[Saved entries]
== == ==

(* In the setting below, suppose the tight disturbance bound assumption and the persistent excitation assumption hold. Then for all $t\in\mathbb{N}_{\ge0}$, all $\epsilon>0$, and every $\theta\in\mathbb{R}^p$ with $\|\theta^\ast-\theta\|\ge\epsilon$, there exists $j\in\{t+1,\dots,t+N_u\}$ such that $$\Pr\{\theta\notin\Delta_j\}\ \ge\ p_w\bigl(\epsilon\sqrt{\beta/N_u}\bigr).$$
   Context: Setting: $\theta^\ast\in\mathbb{R}^p$ is a fixed (unknown) parameter vector. $\mathcal{W}=\{w\in\mathbb{R}^{n_x}:\Pi_w w\le\pi_w\}$ is a compact convex polytope with $\pi_w>0$. The disturbances $w_0,w_1,\dots$ are independent random vectors with $w_t\in\mathcal{W}$ for all $t$. $D_0,D_1,\dots\in\mathbb{R}^{n_x\times p}$ is a given (non-random) sequence of regressor matrices. For $t\ge1$ the (random) unfalsified parameter set is $\Delta_t=\{\theta\in\mathbb{R}^p: D_{t-1}(\theta^\ast-\theta)+w_{t-1}\in\mathcal{W}\}$. $\|\cdot\|$ is the Euclidean norm (induced 2-norm for matrices); $\partial\mathcal{W}$ is the boundary of $\mathcal{W}$. Tight disturbance bound assumption: there is a function $p_w:(0,\infty)\to(0,1]$ such that for all $w^0\in\partial\mathcal{W}$, all $\epsilon>0$ and all $t\ge0$, $\Pr\{\|w_t-w^0\|<\epsilon\}\ge p_w(\epsilon)$. Persistent excitation assumption: there exist $\tau>0$, $\beta>0$ and an integer $N_u\ge\lceil p/n_x\rceil$ such that for every $t\ge0$, $\|D_t\|\le\tau$ and $\sum_{j=t}^{t+N_u-1}D_j^\top D_j\succeq\beta I$. *)

theory Defs
  imports "HOL-Probability.Probability"
begin

definition polytope :: "real^'n^'m \<Rightarrow> real^'m \<Rightarrow> (real^'n) set" where
  "polytope Pw pw = {w. \<forall>i. (Pw *v w) $ i \<le> pw $ i}"

text \<open>Unfalsified parameter set Delta_t for t >= 1, at outcome omega.\<close>
definition unfalsified ::
  "(real^'n) set \<Rightarrow> (nat \<Rightarrow> real^'p^'n) \<Rightarrow> ('o \<Rightarrow> nat \<Rightarrow> real^'n) \<Rightarrow> real^'p \<Rightarrow> nat \<Rightarrow> 'o \<Rightarrow> (real^'p) set" where
  "unfalsified W D w \<theta>s t \<omega> = {\<theta>. D (t - 1) *v (\<theta>s - \<theta>) + w \<omega> (t - 1) \<in> W}"

end

theory Submission
  imports Defs
begin

text \<open>
  Persistent excitation spreads the energy \<open>\<beta> \<parallel>\<theta>\<^sup>* - \<theta>\<parallel>\<^sup>2\<close> of the parameter error over \<open>N\<^sub>u\<close>
  consecutive regressors, so some \<open>v = D\<^sub>j (\<theta>\<^sup>* - \<theta>)\<close> has norm at least
  \<open>\<delta> = \<epsilon> sqrt (\<beta> / N\<^sub>u)\<close>. Let \<open>w\<^sub>0\<close> maximise \<open>v \<bullet> _\<close> over the compact set \<open>\<W>\<close>; it lies on the
  boundary of \<open>\<W>\<close>. Whenever the disturbance \<open>w\<^sub>j\<close> lands within \<open>\<delta>\<close> of \<open>w\<^sub>0\<close>, the shifted point
  \<open>v + w\<^sub>j\<close> overshoots the supporting hyperplane at \<open>w\<^sub>0\<close>, so \<open>\<theta>\<close> is falsified at time \<open>j + 1\<close>;
  by the tight bound assumption this happens with probability at least \<open>p\<^sub>w \<delta>\<close>.
\<close>

lemma sum_matrix_vector_mult:
  "finite S \<Longrightarrow> sum A S *v (x :: real^'n) = (\<Sum>j\<in>S. A j *v x)"
  by (induction S rule: finite_induct) (auto simp: matrix_vector_mult_add_rdistrib)

lemma inner_transpose_mult_self:
  "(x :: real^'p) \<bullet> ((transpose (A :: real^'p^'n) ** A) *v x) = norm (A *v x) ^ 2"
  by (metis dot_lmul_matrix matrix_vector_mul_assoc transpose_matrix_vector inner_commute
        power2_norm_eq_inner)

lemma sum_ge_imp_exists_ge_average:
  fixes f :: "'a \<Rightarrow> real"
  assumes "finite S" "S \<noteq> {}" "c \<le> sum f S"
  shows "\<exists>j\<in>S. c / card S \<le> f j"
proof (rule ccontr)
  assume "\<not> ?thesis"
  then have "sum f S < (\<Sum>j\<in>S. c / card S)"
    using assms(1,2) by (intro sum_strict_mono) auto
  also have "\<dots> = c"
    using assms(1,2) by simp
  finally show False
    using assms(3) by simp
qed

lemma persistent_excitation_obtains_large_regressor:
  fixes D :: "nat \<Rightarrow> real^'p^'n"
  assumes PE: "\<beta> * (x \<bullet> x) \<le> x \<bullet> ((\<Sum>j=t..t+N-1. transpose (D j) ** D j) *v x)"
    and "N \<ge> 1" "\<beta> \<ge> 0" "0 \<le> \<epsilon>" "\<epsilon> \<le> norm x"
  obtains j where "j \<in> {t..t+N-1}" "\<epsilon> * sqrt (\<beta> / N) \<le> norm (D j *v x)"
proof -
  have "\<beta> * \<epsilon>\<^sup>2 \<le> \<beta> * norm x ^ 2"
    using assms(3-5) by (intro mult_left_mono power_mono) auto
  also have "\<dots> \<le> (\<Sum>j=t..t+N-1. norm (D j *v x) ^ 2)"
    using PE by (simp add: sum_matrix_vector_mult inner_sum_right inner_transpose_mult_self
        power2_norm_eq_inner)
  finally obtain j where j: "j \<in> {t..t+N-1}" and "\<beta> * \<epsilon>\<^sup>2 / N \<le> norm (D j *v x) ^ 2"
    using sum_ge_imp_exists_ge_average[of "{t..t+N-1}"] \<open>N \<ge> 1\<close> by force
  then have "(\<epsilon> * sqrt (\<beta> / N))\<^sup>2 \<le> norm (D j *v x) ^ 2"
    using assms(3) by (simp add: power_mult_distrib mult.commute)
  then have "\<epsilon> * sqrt (\<beta> / N) \<le> norm (D j *v x)"
    using assms(3,4) by (simp add: power2_le_iff_abs_le)
  with j show thesis
    using that by blast
qed

lemma compact_obtains_support_point_in_frontier:
  fixes W :: "'a :: real_inner set"
  assumes "compact W" "W \<noteq> {}" "v \<noteq> 0"
  obtains w0 where "w0 \<in> frontier W" "\<forall>y\<in>W. v \<bullet> y \<le> v \<bullet> w0"
proof -
  have "continuous_on W (\<lambda>y. v \<bullet> y)"
    by (intro continuous_intros)
  then obtain w0 where w0: "w0 \<in> W" and max: "\<forall>y\<in>W. v \<bullet> y \<le> v \<bullet> w0"
    using continuous_attains_sup[OF assms(1,2)] by blast
  have "w0 \<notin> interior W"
  proof
    assume "w0 \<in> interior W"
    then obtain r where "r > 0" "ball w0 r \<subseteq> W"
      by (meson mem_interior)
    moreover define y where "y = w0 + (r / 2 / norm v) *\<^sub>R v"
    ultimately have "y \<in> W"
      using assms(3) by (auto simp: y_def dist_norm)
    moreover have "v \<bullet> y = v \<bullet> w0 + r / 2 / norm v * (v \<bullet> v)"
      by (simp add: y_def inner_add_right)
    moreover have "r / 2 / norm v * (v \<bullet> v) > 0"
      using \<open>r > 0\<close> assms(3) by simp
    ultimately show False
      using max by force
  qed
  with w0 have "w0 \<in> frontier W"
    using closure_subset by (auto simp: frontier_def)
  with max show thesis
    using that by blast
qed

lemma shift_near_support_point_notin:
  fixes v w w0 :: "'a :: real_inner"
  assumes max: "\<forall>y\<in>W. v \<bullet> y \<le> v \<bullet> w0" and near: "norm (w - w0) < norm v"
  shows "v + w \<notin> W"
proof
  assume "v + w \<in> W"
  then have "v \<bullet> v + v \<bullet> (w - w0) \<le> 0"
    using max by (force simp: inner_add_right inner_diff_right)
  moreover have "\<bar>v \<bullet> (w - w0)\<bar> < v \<bullet> v"
  proof -
    have "\<bar>v \<bullet> (w - w0)\<bar> \<le> norm v * norm (w - w0)"
      by (rule Cauchy_Schwarz_ineq2)
    also have "\<dots> < norm v * norm v"
      using near by (intro mult_strict_left_mono) auto
    finally show ?thesis
      by (simp add: dot_square_norm power2_eq_square)
  qed
  ultimately show False
    by linarith
qed

lemma near_support_point_falsifies:
  assumes "\<forall>y\<in>W. (D j *v (\<theta>s - \<theta>)) \<bullet> y \<le> (D j *v (\<theta>s - \<theta>)) \<bullet> w0"
    and "norm (w \<omega> j - w0) < norm (D j *v (\<theta>s - \<theta>))"
  shows "\<theta> \<notin> unfalsified W D w \<theta>s (Suc j) \<omega>"
  using shift_near_support_point_notin[OF assms] by (simp add: unfalsified_def)

lemma polytope_contains_zero:
  "(\<And>i. pw $ i \<ge> 0) \<Longrightarrow> 0 \<in> polytope Pw pw"
  by (simp add: polytope_def)

lemma falsified_event_measurable:
  assumes "closed W" "(\<lambda>\<omega>. w \<omega> j) \<in> borel_measurable M"
  shows "{\<omega> \<in> space M. \<theta> \<notin> unfalsified W D w \<theta>s (Suc j) \<omega>} \<in> sets M"
proof -
  have "(\<lambda>\<omega>. D j *v (\<theta>s - \<theta>) + w \<omega> j) \<in> borel_measurable M"
    using assms(2) by measurable
  from measurable_sets[OF this borel_closed[OF assms(1)]]
  have "space M - ((\<lambda>\<omega>. D j *v (\<theta>s - \<theta>) + w \<omega> j) -` W \<inter> space M) \<in> sets M"
    by blast
  moreover have "space M - ((\<lambda>\<omega>. D j *v (\<theta>s - \<theta>) + w \<omega> j) -` W \<inter> space M) =
      {\<omega> \<in> space M. \<theta> \<notin> unfalsified W D w \<theta>s (Suc j) \<omega>}"
    by (auto simp: unfalsified_def)
  ultimately show ?thesis
    by simp
qed

theorem proposition2:
  fixes M :: "'o measure"
    and w :: "'o \<Rightarrow> nat \<Rightarrow> real^'nx"
    and D :: "nat \<Rightarrow> real^'p^'nx"
    and Pw :: "real^'nx^'m" and pw :: "real^'m"
    and \<theta>s :: "real^'p"
    and p_w :: "real \<Rightarrow> real"
    and \<tau> \<beta> :: real and N_u :: nat
  assumes "prob_space M"
    and meas: "\<And>t. (\<lambda>\<omega>. w \<omega> t) \<in> borel_measurable M"
    and indep: "prob_space.indep_vars M (\<lambda>_. borel) (\<lambda>t \<omega>. w \<omega> t) UNIV"
    and pw_pos: "\<And>i. pw $ i > 0"
    and W_compact: "compact (polytope Pw pw)"
    and w_in: "\<And>t \<omega>. \<omega> \<in> space M \<Longrightarrow> w \<omega> t \<in> polytope Pw pw"
    and p_w_range: "\<And>e. e > 0 \<Longrightarrow> 0 < p_w e \<and> p_w e \<le> 1"
    and tight: "\<And>w0 e t. w0 \<in> frontier (polytope Pw pw) \<Longrightarrow> e > 0 \<Longrightarrow>
                  measure M {\<omega> \<in> space M. norm (w \<omega> t - w0) < e} \<ge> p_w e"
    and \<tau>_pos: "\<tau> > 0" and \<beta>_pos: "\<beta> > 0"
    and N_u: "N_u \<ge> nat \<lceil>real CARD('p) / real CARD('nx)\<rceil>"
    and D_bound: "\<And>t. onorm (\<lambda>x. D t *v x) \<le> \<tau>"
    and PE: "\<And>t x. x \<bullet> ((\<Sum>j=t..t+N_u-1. transpose (D j) ** D j) *v x) \<ge> \<beta> * (x \<bullet> x)"
    and eps: "\<epsilon> > 0"
    and far: "norm (\<theta>s - \<theta>) \<ge> \<epsilon>"
  shows "\<exists>j\<in>{t+1..t+N_u}.
           measure M {\<omega> \<in> space M. \<theta> \<notin> unfalsified (polytope Pw pw) D w \<theta>s j \<omega>}
             \<ge> p_w (\<epsilon> * sqrt (\<beta> / real N_u))"
proof -
  interpret prob_space M by fact
  define W where "W = polytope Pw pw"
  define \<delta> where "\<delta> = \<epsilon> * sqrt (\<beta> / real N_u)"
  have "real CARD('p) / real CARD('nx) > 0"
    by simp
  then have "N_u \<ge> 1"
    using N_u by linarith
  then have "\<delta> > 0"
    using eps \<beta>_pos by (simp add: \<delta>_def)
  obtain j where j: "j \<in> {t..t+N_u-1}" and large: "\<delta> \<le> norm (D j *v (\<theta>s - \<theta>))"
    using persistent_excitation_obtains_large_regressor[OF PE \<open>N_u \<ge> 1\<close>, where \<epsilon> = \<epsilon>]
      \<beta>_pos eps far
    unfolding \<delta>_def by auto
  define v where "v = D j *v (\<theta>s - \<theta>)"
  have "v \<noteq> 0"
    using large \<open>\<delta> > 0\<close> by (auto simp: v_def)
  moreover have "W \<noteq> {}"
    using polytope_contains_zero[of pw Pw] pw_pos by (auto simp: W_def less_imp_le)
  ultimately obtain w0 where "w0 \<in> frontier W" and max: "\<forall>y\<in>W. v \<bullet> y \<le> v \<bullet> w0"
    using compact_obtains_support_point_in_frontier W_compact unfolding W_def by blast
  have "{\<omega> \<in> space M. norm (w \<omega> j - w0) < \<delta>} \<subseteq>
        {\<omega> \<in> space M. \<theta> \<notin> unfalsified W D w \<theta>s (Suc j) \<omega>}"
    using near_support_point_falsifies[where D = D and w = w and \<theta>s = \<theta>s and \<theta> = \<theta>,
        OF max[unfolded v_def]] large
    by fastforce
  then have "measure M {\<omega> \<in> space M. norm (w \<omega> j - w0) < \<delta>} \<le>
      measure M {\<omega> \<in> space M. \<theta> \<notin> unfalsified W D w \<theta>s (Suc j) \<omega>}"
    using falsified_event_measurable[OF compact_imp_closed meas] W_compact
    by (intro finite_measure_mono) (auto simp: W_def)
  with tight[OF \<open>w0 \<in> frontier W\<close>[unfolded W_def] \<open>\<delta> > 0\<close>, of j]
  have "p_w \<delta> \<le> measure M {\<omega> \<in> space M. \<theta> \<notin> unfalsified W D w \<theta>s (Suc j) \<omega>}"
    by linarith
  moreover have "Suc j \<in> {t+1..t+N_u}"
    using j \<open>N_u \<ge> 1\<close> by auto
  ultimately show ?thesis
    unfolding W_def \<delta>_def by blast
qed

end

== == ==

◆ **Exercise goal**
Pick out the lines above that hold the string "define" and show them.

◆ **Exercise answer**
    moreover define y where "y = w0 + (r / 2 / norm v) *\<^sub>R v"
  define W where "W = polytope Pw pw"
  define \<delta> where "\<delta> = \<epsilon> * sqrt (\<beta> / real N_u)"
  define v where "v = D j *v (\<theta>s - \<theta>)"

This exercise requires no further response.